At times the intervals between the wail of the air raid warning and the steady ‘all clear’, and then back again, had been so frequent that I had made a sliding panel (which I recently found) which showed either “thick” (red) or “clear”(green) - possibly useful if anyone had remembered to change it.

By 1945 we had got used to no longer fearing the doodlebug’s engine cutting out and the terrifying silence until the explosion. Was this one for us ? The V1 that destroyed the two houses that stood where Frank Dixon Way joins College Road was the nearest to us and the pervasive smell of fragmented ceiling plaster, the unexpected crunch of broken glass and doors in odd places remain unforgettable. By then too we had got used to no longer hosting barrage balloons in the parks and fields of Dulwich as they had been moved to the coast in the hope of intercepting V1’s, leaving Kent, Sussex and Surrey free for the fighters’ dangerous job of trying to shoot down a ton of flying high explosives.
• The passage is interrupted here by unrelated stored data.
lemma card_band_le: "card (band m k) \<le> m * (2 * k + 1)"
proof -
  have "band m k \<subseteq> int ` {..<m} \<times> {- int k..int k}"
  proof
    fix v assume "v \<in> band m k"
    moreover obtain i j where "v = (i, j)"
      by fastforce
    ultimately show "v \<in> int ` {..<m} \<times> {- int k..int k}"
      by (auto simp: band_def lattice_V_def intro!: image_eqI[of i int "nat i"])
  qed
  then have "card (band m k) \<le> card (int ` {..<m} \<times> {- int k..int k})"
    by (intro card_mono) simp_all
  also have "\<dots> = m * (2 * k + 1)"
    by (simp add: card_cartesian_product card_image nat_add_distrib nat_mult_distrib)
  finally show ?thesis .
qed

lemma sum_path_mean_band:
  assumes p: "p \<in> paths m"
  shows "(\<Sum>v\<in>band m k. path_mean mu p v) = mu * time_in_band k p"
proof -
  have len: "length p = m"
    using p by (rule length_paths)
  have "(\<Sum>v\<in>band m k. path_mean mu p v) = mu * card (band m k \<inter> path_vertices p)"
    using finite_subset[OF band_subset finite_lattice_V]
    by (simp add: path_mean_def sum.If_cases Int_def)
  also have "band m k \<inter> path_vertices p = (\<lambda>i. (int i, p ! i)) ` {i. i < length p \<and> \<bar>p ! i\<bar> \<le> int k}"
    using path_vertices_subset[OF p] len unfolding band_def path_vertices_def by auto
  also have "card \<dots> = time_in_band k p"
    unfolding time_in_band_def by (intro card_image inj_onI) simp
  finally show ?thesis .
qed

lemma P0_band_test_le:
  assumes "0 < mu" "0 < m"
  shows "measure (P0 m) {x \<in> space (P0 m). band_test m mu k x} \<le> card (band m k) / (mu * real m / 4)\<^sup>2"
  using PiM_gauss_sum_deviation[OF finite_lattice_V band_subset,
      where r = "mu * real m / 4" and P = "band_test m mu k" and a = "\<lambda>_. 0"] assms
  by (simp add: P0_def band_test_def)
It was also a relief no longer being aware of the very remote chance of being killed, or worse, seriously injured by a V2. And gradually bombed houses such as those across the road or The Grange which had provided our adventure playgrounds would be demolished or rebuilt.

Whilst I remember exactly where I was when I learned of Hiroshima, VJ Day is a complete blank. My parents, whose lives had been turned upside down for the second time in 25 years just wanted to get on with their normal lives. But I think that we were all conscious that so many others had in every sense lost so much more and that we had been fortunate to have survived.